Esitai nel rispondere. Non sapevo bene cosa dire.
“Il tuo Massimo non mi conosce. Ha trovato un approccio da idiota per parlarmi e mi ha messo a tradimento la chiavetta nella tasca del cappotto. ”
“Questo non cambia le cose. ”
Io sospirai.
“Non voglio guai! Ora sono più chiara? ”
“Be'... se non volevi guai, saresti dovuta andare dritta per la tua strada, e invece non l'hai fatto. Di questo te ne sarò eternamente grata. ”
Camminò fino a raggiungere un computer e a trafficarvi.
“Si può sapere cosa contiene quella chiavetta? ”
Luisa parlò senza voltarsi: “Massimo lavora al Politecnico, è un ricercatore di chimica. Durante le sue ricerche ha scoperto sostanze chimiche mortali rilasciate dentro le acque del Po. La compagnia che le inquina l'ha scoperto e gli danno la caccia. La chiavetta che ti ha dato, è la prova. ”
“Sostanze chimiche di che genere? ” domandai avvicinandomi.
“Diossine, sostanze riconosciute cancerogene per l'uomo e per gli animali.
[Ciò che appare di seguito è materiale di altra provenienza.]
(* Let $n,m$ be positive integers, $\lambda\in\mathcal{P}^m_n$, and let $k_{i,j}=k_{i,j}(\lambda)$ be defined recursively by $$k_{i,j}=\min\left\{m,\left\lceil\frac{\lambda_i-\sum_{\ell=j+1}^n k_{i,\ell}+\sum_{\ell=i+1}^j k_{\ell,j}}{j-i+1}\right\rceil\right\},\quad 1\le i\le j\le n.$$ Then $k_{i,j}\ge k_{i,j-1}$ for all $1\le i<j\le n$.
   Context: $\mathcal{P}^m_n$ is the set of integer partitions $(\lambda_1\ge\cdots\ge\lambda_n\ge0)$ with $\lambda_i\le m(n-i+1)$ for all $i$. The recursion is carried out in order of decreasing $i$ and, for fixed $i$, decreasing $j$ (the right-hand side only involves $k_{i,\ell}$ with $\ell>j$ and $k_{\ell,j}$ with $\ell>i$). *)

theory Defs
  imports Complex_Main
begin

definition in_P :: "nat \<Rightarrow> nat \<Rightarrow> (nat \<Rightarrow> nat) \<Rightarrow> bool" where
  "in_P m n lam \<longleftrightarrow> (\<forall>i j. 1 \<le> i \<and> i \<le> j \<and> j \<le> n \<longrightarrow> lam j \<le> lam i)
     \<and> (\<forall>i. 1 \<le> i \<and> i \<le> n \<longrightarrow> lam i \<le> m * (n - i + 1))"

function kk :: "nat \<Rightarrow> nat \<Rightarrow> (nat \<Rightarrow> nat) \<Rightarrow> nat \<Rightarrow> nat \<Rightarrow> int" where
  "kk n m lam i j =
     (if 1 \<le> i \<and> i \<le> j \<and> j \<le> n then
        min (int m)
          (\<lceil>real_of_int (int (lam i) - (\<Sum>l\<in>{j+1..n}. kk n m lam i l)
                              + (\<Sum>l\<in>{i+1..j}. kk n m lam l j))
            / real (j - i + 1)\<rceil>)
      else 0)"
  by pat_completeness auto
termination
  by (relation "measures [\<lambda>(n,m,lam,i,j). n - i, \<lambda>(n,m,lam,i,j). n - j]") auto

end

theory Submission
  imports Defs
begin

text \<open>Write \<open>N(i,j) = \<lambda>(i) - (\<Sum>l>j. k(i,l)) + (\<Sum>i<l\<le>j. k(l,j))\<close> for the numerator of
  the recursion, so that \<open>k(i,j) \<le> c\<close> iff \<open>m \<le> c\<close> or \<open>N(i,j) \<le> (j-i+1) c\<close>.
  Passing from row \<open>i+1\<close> to row \<open>i\<close> gives \<open>N(i,j) = N(i+1,j) + g(i,j) + k(i+1,j)\<close>, where the
  gap \<open>g(i,j) = \<lambda>(i) - \<lambda>(i+1) + (\<Sum>l>j. k(i+1,l) - k(i,l))\<close> satisfies
  \<open>k(i,j) \<le> g(i,j) + k(i+1,j)\<close> as long as \<open>g(i,j) \<ge> 0\<close>. Since
  \<open>g(i,j-1) = g(i,j) + k(i+1,j) - k(i,j)\<close>, a downward induction on \<open>j\<close> starting from
  \<open>g(i,n) = \<lambda>(i) - \<lambda>(i+1) \<ge> 0\<close> keeps every gap nonnegative; a downward induction on \<open>i\<close>
  then makes every \<open>N\<close>, hence every \<open>k\<close>, nonnegative.
  Row monotonicity is proved from the bottom row up: if the rows below row \<open>i\<close> are monotone,
  replacing \<open>j\<close> by \<open>j+1\<close> increases the column sum by at least \<open>k(j+1,j+1) \<ge> 0\<close>, which
  pays for the term \<open>k(i,j+1)\<close> leaving the row tail; so \<open>N(i,j) \<le> (j-i+1) k(i,j+1)\<close>
  unless \<open>k(i,j+1) = m\<close>.\<close>

declare kk.simps[simp del]

lemma ceiling_divide_le_iff:
  fixes a c :: int and d :: nat
  assumes "0 < d"
  shows "\<lceil>real_of_int a / real d\<rceil> \<le> c \<longleftrightarrow> a \<le> int d * c"
proof -
  have "\<lceil>real_of_int a / real d\<rceil> \<le> c \<longleftrightarrow> real_of_int a \<le> real_of_int c * real d"
    using assms by (simp add: ceiling_le_iff pos_divide_le_eq)
  also have "\<dots> \<longleftrightarrow> a \<le> int d * c"
    by (metis mult.commute of_int_le_iff of_int_mult of_int_of_nat_eq)
  finally show ?thesis .
qed

locale kk_recursion =
  fixes n m :: nat and lam :: "nat \<Rightarrow> nat"
begin

abbreviation k :: "nat \<Rightarrow> nat \<Rightarrow> int" where
  "k \<equiv> kk n m lam"

definition row_tail :: "nat \<Rightarrow> nat \<Rightarrow> int" where
  "row_tail i j = (\<Sum>l\<in>{Suc j..n}. k i l)"

definition col_below :: "nat \<Rightarrow> nat \<Rightarrow> int" where
  "col_below i j = (\<Sum>l\<in>{Suc i..j}. k l j)"

definition numerator :: "nat \<Rightarrow> nat \<Rightarrow> int" where
  "numerator i j = int (lam i) - row_tail i j + col_below i j"

lemma k_unfold:
  assumes "1 \<le> i" "i \<le> j" "j \<le> n"
  shows "k i j = min (int m) \<lceil>real_of_int (numerator i j) / real (j - i + 1)\<rceil>"
  using assms by (subst kk.simps) (simp add: numerator_def row_tail_def col_below_def)

lemma k_le_m: "k i j \<le> int m"
  by (subst kk.simps) auto

lemma k_le_iff:
  assumes "1 \<le> i" "i \<le> j" "j \<le> n"
  shows "k i j \<le> c \<longleftrightarrow> int m \<le> c \<or> numerator i j \<le> int (j - i + 1) * c"
proof -
  have pos: "0 < j - i + 1"
    by simp
  show ?thesis
    by (simp only: k_unfold[OF assms] min_le_iff_disj ceiling_divide_le_iff[OF pos])
qed

lemma numerator_le_if_k_lt_m:
  assumes "1 \<le> i" "i \<le> j" "j \<le> n" "k i j < int m"
  shows "numerator i j \<le> int (j - i + 1) * k i j"
  using k_le_iff[OF assms(1-3), of "k i j"] assms(4) by simp

lemma k_nonneg_if_numerator_nonneg:
  assumes "1 \<le> i" "i \<le> j" "j \<le> n" "0 \<le> numerator i j"
  shows "0 \<le> k i j"
  using k_le_iff[OF assms(1-3), of "-1"] assms(4) by simp

lemma k_diag_le_numerator:
  assumes "1 \<le> i" "i \<le> n"
  shows "k i i \<le> numerator i i"
  using k_le_iff[OF assms(1) order_refl assms(2)] by simp

lemma row_tail_Suc:
  assumes "j < n"
  shows "row_tail i j = k i (Suc j) + row_tail i (Suc j)"
  unfolding row_tail_def using assms by (simp add: sum.atLeast_Suc_atMost)

lemma col_below_Suc_row:
  assumes "Suc i \<le> j"
  shows "col_below i j = k (Suc i) j + col_below (Suc i) j"
  unfolding col_below_def using assms by (simp add: sum.atLeast_Suc_atMost)

definition row_gap :: "nat \<Rightarrow> nat \<Rightarrow> int" where
  "row_gap i j = int (lam i) - int (lam (Suc i)) + row_tail (Suc i) j - row_tail i j"

lemma numerator_Suc_row:
  assumes "Suc i \<le> j"
  shows "numerator i j = numerator (Suc i) j + row_gap i j + k (Suc i) j"
  using col_below_Suc_row[OF assms] unfolding numerator_def row_gap_def by simp

lemma k_le_row_gap_plus_k_below:
  assumes "1 \<le> i" "Suc i \<le> j" "j \<le> n" "0 \<le> row_gap i j"
  shows "k i j \<le> row_gap i j + k (Suc i) j"
proof (cases "k (Suc i) j < int m")
  case True
  have "numerator (Suc i) j \<le> int (j - i) * k (Suc i) j"
    using numerator_le_if_k_lt_m[of "Suc i" j] True assms by simp
  moreover have "row_gap i j \<le> int (j - i + 1) * row_gap i j"
    using assms(4) by (simp add: mult_le_cancel_right1)
  moreover have "int (j - i + 1) = int (j - i) + 1"
    using assms by simp
  ultimately have "numerator i j \<le> int (j - i + 1) * (row_gap i j + k (Suc i) j)"
    using numerator_Suc_row[OF assms(2)] by (simp add: algebra_simps)
  then show ?thesis
    using k_le_iff assms by simp
next
  case False
  then show ?thesis
    using k_le_m[of i j] assms(4) by simp
qed

end

locale kk_antitone = kk_recursion +
  assumes lam_antitone: "\<And>i. 1 \<le> i \<Longrightarrow> i < n \<Longrightarrow> lam (Suc i) \<le> lam i"
begin

lemma row_gap_nonneg:
  assumes "1 \<le> i" "Suc i \<le> j" "j \<le> n"
  shows "0 \<le> row_gap i j"
  using assms(3,2)
proof (induction j rule: inc_induct)
  case base
  then show ?case
    using assms lam_antitone[of i] unfolding row_gap_def row_tail_def by simp
next
  case (step j)
  have "row_gap i j = row_gap i (Suc j) + k (Suc i) (Suc j) - k i (Suc j)"
    using row_tail_Suc[of j i] row_tail_Suc[of j "Suc i"] step.hyps
    unfolding row_gap_def by simp
  moreover have "k i (Suc j) \<le> row_gap i (Suc j) + k (Suc i) (Suc j)"
    using k_le_row_gap_plus_k_below assms step by simp
  ultimately show ?case
    by simp
qed

lemma numerator_diag_Suc_le:
  assumes "1 \<le> i" "i < n"
  shows "numerator (Suc i) (Suc i) - k (Suc i) (Suc i) \<le> numerator i i"
proof -
  have "numerator i i = numerator (Suc i) (Suc i) + row_gap i (Suc i) - k i (Suc i)"
    using row_tail_Suc[of i i] assms
    unfolding numerator_def row_gap_def col_below_def by simp
  moreover have "k i (Suc i) \<le> row_gap i (Suc i) + k (Suc i) (Suc i)"
    using k_le_row_gap_plus_k_below row_gap_nonneg assms by simp
  ultimately show ?thesis
    by simp
qed

lemma numerator_nonneg:
  assumes "1 \<le> i" "i \<le> j" "j \<le> n"
  shows "0 \<le> numerator i j"
  using assms
proof (induction "n - i" arbitrary: i j rule: less_induct)
  case less
  show ?case
  proof (cases "i = j")
    case True
    show ?thesis
    proof (cases "i = n")
      case True
      then show ?thesis
        using \<open>i = j\<close> unfolding numerator_def row_tail_def col_below_def by simp
    next
      case False
      then have "0 \<le> numerator (Suc i) (Suc i)"
        using less by simp
      moreover have "k (Suc i) (Suc i) \<le> numerator (Suc i) (Suc i)"
        using k_diag_le_numerator less False by simp
      moreover have "numerator (Suc i) (Suc i) - k (Suc i) (Suc i) \<le> numerator i i"
        using numerator_diag_Suc_le less False by simp
      ultimately show ?thesis
        unfolding \<open>i = j\<close> by linarith
    qed
  next
    case False
    then have "0 \<le> numerator (Suc i) j"
      using less by simp
    moreover have "0 \<le> k (Suc i) j"
      using k_nonneg_if_numerator_nonneg calculation less False by simp
    moreover have "0 \<le> row_gap i j"
      using row_gap_nonneg less False by simp
    ultimately show ?thesis
      using numerator_Suc_row[of i j] less False by simp
  qed
qed

lemma k_nonneg:
  assumes "1 \<le> i" "i \<le> j" "j \<le> n"
  shows "0 \<le> k i j"
  using k_nonneg_if_numerator_nonneg numerator_nonneg assms by simp

lemma col_below_le_Suc_col_minus_diag:
  assumes rows_below: "\<And>l. Suc i \<le> l \<Longrightarrow> l \<le> j \<Longrightarrow> k l j \<le> k l (Suc j)"
    and "1 \<le> i" "i \<le> j" "Suc j \<le> n"
  shows "col_below i j \<le> col_below i (Suc j) - k (Suc j) (Suc j)"
proof -
  have "col_below i j \<le> (\<Sum>l\<in>{Suc i..j}. k l (Suc j))"
    unfolding col_below_def using rows_below by (intro sum_mono) simp
  also have "\<dots> = col_below i (Suc j) - k (Suc j) (Suc j)"
    unfolding col_below_def using assms by simp
  finally show ?thesis .
qed

lemma k_row_mono:
  assumes "1 \<le> i" "i \<le> j" "Suc j \<le> n"
  shows "k i j \<le> k i (Suc j)"
  using assms
proof (induction "n - i" arbitrary: i j rule: less_induct)
  case less
  show ?case
  proof (cases "k i (Suc j) < int m")
    case True
    have "col_below i j \<le> col_below i (Suc j) - k (Suc j) (Suc j)"
      using col_below_le_Suc_col_minus_diag less by simp
    moreover have "0 \<le> k (Suc j) (Suc j)"
      using k_nonneg less by simp
    moreover have "numerator i (Suc j) \<le> int (Suc j - i + 1) * k i (Suc j)"
      using numerator_le_if_k_lt_m[of i "Suc j"] True less by linarith
    moreover have "int (Suc j - i + 1) = int (j - i + 1) + 1"
      using less by simp
    ultimately have "numerator i j \<le> int (j - i + 1) * k i (Suc j)"
      using row_tail_Suc[of j i] less unfolding numerator_def by (simp add: algebra_simps)
    then show ?thesis
      using k_le_iff less by simp
  next
    case False
    then show ?thesis
      using k_le_m[of i j] by simp
  qed
qed

end

theorem lemma4p3:
  fixes n m :: nat and lam :: "nat \<Rightarrow> nat"
  assumes "n \<ge> 1" and "m \<ge> 1" and "in_P m n lam"
  shows "\<forall>i j. 1 \<le> i \<and> i < j \<and> j \<le> n \<longrightarrow> kk n m lam i j \<ge> kk n m lam i (j - 1)"
proof -
  interpret kk_antitone n m lam
    using assms(3) unfolding in_P_def by unfold_locales simp
  show ?thesis
  proof (intro allI impI)
    fix i j assume ij: "1 \<le> i \<and> i < j \<and> j \<le> n"
    then obtain j' where "j = Suc j'" "i \<le> j'"
      by (cases j) auto
    then show "k i (j - 1) \<le> k i j"
      using k_row_mono[of i j'] ij by simp
  qed
qed

end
Sostanze che vanno dalla IARC alla TCDD. Bisogna proteggere la chiavetta e portarla alla polizia. ”
“Se bisogna portarlo alla polizia perché mi ha detto di venire qua? Sarebbe stato molto più facile. ”
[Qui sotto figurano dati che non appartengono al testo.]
(* Let $Q$ be a $\Sigma$-uniformized query with hypergraph $\mathcal{H}=(V,E)$, input size $n$, $p$ machines, and let $\Delta>0$. Let $\psi$ be the vector returned by the procedure Construct$(Q,\Delta)$. Then (1) $|\psi|_1\le 1$; (2) the vertex weight mapping $\mathbf{V}(\psi)/\Delta$ is consistent with $Q$; (3) $|\mathbf{V}(\psi)|_1\le\kappa(\mathcal{H})$.
   Context: A natural join query $Q$ is a set of relations (distinct schemas) with hypergraph $\mathcal{H}=(V,E)$, $V=\bigcup_R\mathrm{vars}(R)$, $E=\{\mathrm{vars}(R)\}$. $\mathcal{H}[S]$ has vertex set $S$ and edges $\{S\cap e: e\in E, S\cap e\ne\emptyset\}$; $\mathsf{red}$ removes every edge strictly contained in another; $\tau^*$ is the minimum fractional vertex cover value; $\kappa(\mathcal{H})=\max_{S\subseteq V}\tau^*(\mathsf{red}(\mathcal{H}[S]))$. $\deg_R(Y\mid X)=\max_{\mathbf{x}}|\pi_Y\sigma_{X=\mathbf{x}}R|$. A constraint set for $R$ is $\sigma_R:\mathcal{P}(\mathrm{vars}(R))\to\mathbb{R}_{\ge0}$; $R$ satisfies it if $\deg_R(Y\mid X)\le2\sigma_R(X)/\sigma_R(Y)$ for all $X\subseteq Y\subseteq\mathrm{vars}(R)$; $Q$ is $\Sigma$-uniformized ($\Sigma=\{\sigma_R\}_{R\in Q}$) if each $R$ satisfies $\sigma_R$. A vertex weight mapping is $\mathbf{v}:V\to\mathbb{R}_{\ge0}$. For $R\in Q$ and $U\subseteq\mathrm{vars}(R)$: $U$ is heavy in $R$ if $\sigma_R(U)\ge n/p^{\sum_{i\in U}v_i}$, light if $\sigma_R(U)< n/p^{\sum_{i\in U}v_i}$, consistent if $\sigma_R(U)\le n/p^{\sum_{i\in U}v_i}$. $\mathbf{v}$ is consistent with $Q$ if every $U\subseteq\mathrm{vars}(R)$ is consistent in $R$ for every $R\in Q$. $H[\mathbf{v}]$ is the union of all sets $U$ such that $U$ is heavy in some $R\in Q$. For each $U\subseteq V$ fix a minimum fractional vertex cover $\mathbf{v}^*_U$ of $\mathsf{red}(\mathcal{H}[U])$ (a vector on $V$, zero outside $U$). For $\psi=(\psi_U)_{U\in\mathcal{P}(V)}$, $\mathbf{V}(\psi)=\sum_U\psi_U\mathbf{v}^*_U$ and $|\psi|_1=\sum_U\psi_U$. Construct$(Q,\Delta)$: set $\psi\gets\mathbf{0}$; while $|\psi|_1<1$ and $H[\mathbf{V}(\psi)/\Delta]\ne V$: let $L=V\setminus H[\mathbf{V}(\psi)/\Delta]$ and set $\psi_L$ to the largest $\delta\in(0,1-|\psi|_1]$ such that $Q$ is consistent with $(\mathbf{V}(\psi)+\delta\mathbf{v}^*_L)/\Delta$; return $\psi$.
   Formalization: Each constraint value $\sigma_R(U)$, for $R\in Q$ and $U\subseteq\mathrm{vars}(R)$, is also bounded by the input size n, so Q is consistent with the zero vertex weight mapping. The statement above fails without it. *)

theory Defs
  imports Complex_Main
begin

text \<open>A query is given by its finite set of schemas E (the hyperedges; schemas are
distinct, so each relation is identified with its schema e) and a map R assigning to each
schema e its relation R e, a set of tuples. A tuple is a function from attributes to values;
only its values on e matter.\<close>

definition proj :: "'v set \<Rightarrow> ('v \<Rightarrow> 'd) \<Rightarrow> ('v \<Rightarrow> 'd)" where
  "proj Y t = (\<lambda>x. if x \<in> Y then t x else undefined)"

definition deg :: "('v \<Rightarrow> 'd) set \<Rightarrow> 'v set \<Rightarrow> 'v set \<Rightarrow> nat" where
  "deg Rl Y X = Max ({card (proj Y ` {t \<in> Rl. proj X t = proj X s}) | s. s \<in> Rl} \<union> {0})"

definition satisfies :: "('v \<Rightarrow> 'd) set \<Rightarrow> 'v set \<Rightarrow> ('v set \<Rightarrow> real) \<Rightarrow> bool" where
  "satisfies Rl e sig \<longleftrightarrow>
     (\<forall>X Y. X \<subseteq> Y \<and> Y \<subseteq> e \<longrightarrow> real (deg Rl Y X) \<le> 2 * sig X / sig Y)"

definition uniformized ::
  "'v set set \<Rightarrow> ('v set \<Rightarrow> ('v \<Rightarrow> 'd) set) \<Rightarrow> ('v set \<Rightarrow> 'v set \<Rightarrow> real) \<Rightarrow> bool" where
  "uniformized E R \<Sigma> \<longleftrightarrow> (\<forall>e\<in>E. satisfies (R e) e (\<Sigma> e))"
“Perché dovevo dirti il nome del poliziotto al quale devi rivolgerti. È un amico di cui mi fido ciecamente. Si chiama LaRusso. Commissariato di Via Racconigi” concluse restituendomi la chiavetta.
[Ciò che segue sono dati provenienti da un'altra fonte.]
lemma renyi_exp_bound_neg:
  fixes P Q :: "'a measure" and g :: "'a \<Rightarrow> real"
  assumes P: "prob_space P" and Q: "prob_space Q" and sets_eq: "sets Q = sets P"
    and g: "g \<in> borel_measurable P" "\<forall>x \<in> space P. \<bar>g x\<bar> \<le> B"
    and \<gamma>\<beta>: "\<gamma> < \<beta>" "\<beta> < 0"
  shows "ereal ((\<beta> * ln (\<integral>x. exp (\<gamma> * g x) \<partial>Q) - \<gamma> * ln (\<integral>x. exp (\<beta> * g x) \<partial>P)) / (\<beta> - \<gamma>))
    \<le> ereal (\<beta> * \<gamma> / (\<beta> - \<gamma>)\<^sup>2) * renyi (\<beta> / (\<beta> - \<gamma>)) Q P"
proof -
  define b where "b = - \<gamma> / (\<beta> - \<gamma>)"
  have b: "1 < b" "(b - 1) * \<gamma> = b * \<beta>" and b_minus_1: "b - 1 = - \<beta> / (\<beta> - \<gamma>)"
    and "\<beta> / (\<beta> - \<gamma>) < 0" "1 - \<beta> / (\<beta> - \<gamma>) = b"
    using \<gamma>\<beta> unfolding b_def by (simp_all add: divide_neg_pos field_simps)
  then have "renyi (\<beta> / (\<beta> - \<gamma>)) Q P = renyi_pos b P Q"
    by (simp add: renyi_def)
  moreover have "b * (b - 1) = \<beta> * \<gamma> / (\<beta> - \<gamma>)\<^sup>2"
    unfolding b_minus_1 unfolding b_def by (simp add: power2_eq_square)
  moreover have "b * L' - (b - 1) * L = (\<beta> * L - \<gamma> * L') / (\<beta> - \<gamma>)" for L L'
    unfolding b_minus_1 unfolding b_def by (simp add: diff_divide_distrib algebra_simps)
  ultimately show ?thesis
    using renyi_pos_gt1_exp_bound[OF Q P sets_eq[symmetric] bounded_measurable_cong_sets[OF sets_eq g] b]
    by simp
qed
Vi fu un momento di silenzio. La fissai indecisa. Poi la presi, e la misi in borsa.
“Quale impedimento hai? Non puoi andarci tu? ”
D'un tratto udii una voce maschile.
“Temo che nessuno di voi, potrà. ”
Mi voltai di scatto e così fece anche Luisa.
I due tizi vestiti di nero se ne stavano in piedi con le armi puntate contro di noi.
“Datemi quei dati, o via ammazzo. ”
“Sta mentendo” esordì Luisa. “Ci ucciderà comunque. Non dargli niente. ”
Sentii il cuore in gola e non sapevo come comportarmi.
L'uomo mirò al computer e sparò un colpo.
“Subito, e non è un consiglio” scandì.
“E va bene” disse Luisa.
Raggiunse il mobiletto e aprì un cassetto. Quando si avvicinò al tizio che aveva parlato, disse mostrando un CD. “Ecco quello che volete. Ora andatevene. ”
L'uomo lo prese e sorrise.
“Noto con piacere che hai smesso di fare la dura. ”
Dentro di me pensai a quello che avevo appena visto. Luisa aveva dato a me la chiavetta con i dati, e allora capii cosa stava facendo trafficando col computer prima: una copia.
“Adesso fuori di qui! ”
I due uomini sorrisero.
“La mamma non ti ha mai detto di non fidarti degli sconosciuti? ” esordì uno.
Luisa arricciò la fronte. Poi d'un tratto si sentì un rombo assordante che mi fece mancare il respiro.
Stava tenendosi il ventre insanguinato e tremava. Poi cadde a terra.
Nel momento in cui vidi puntarmi le armi contro, mi fu istintivo difendermi. Due calci dritti nei rispettivi inguini. Poi mi rimisi a correre, ma una volta fuori, e prima di raggiungere l'auto, qualcuno mi venne addosso facendomi cadere.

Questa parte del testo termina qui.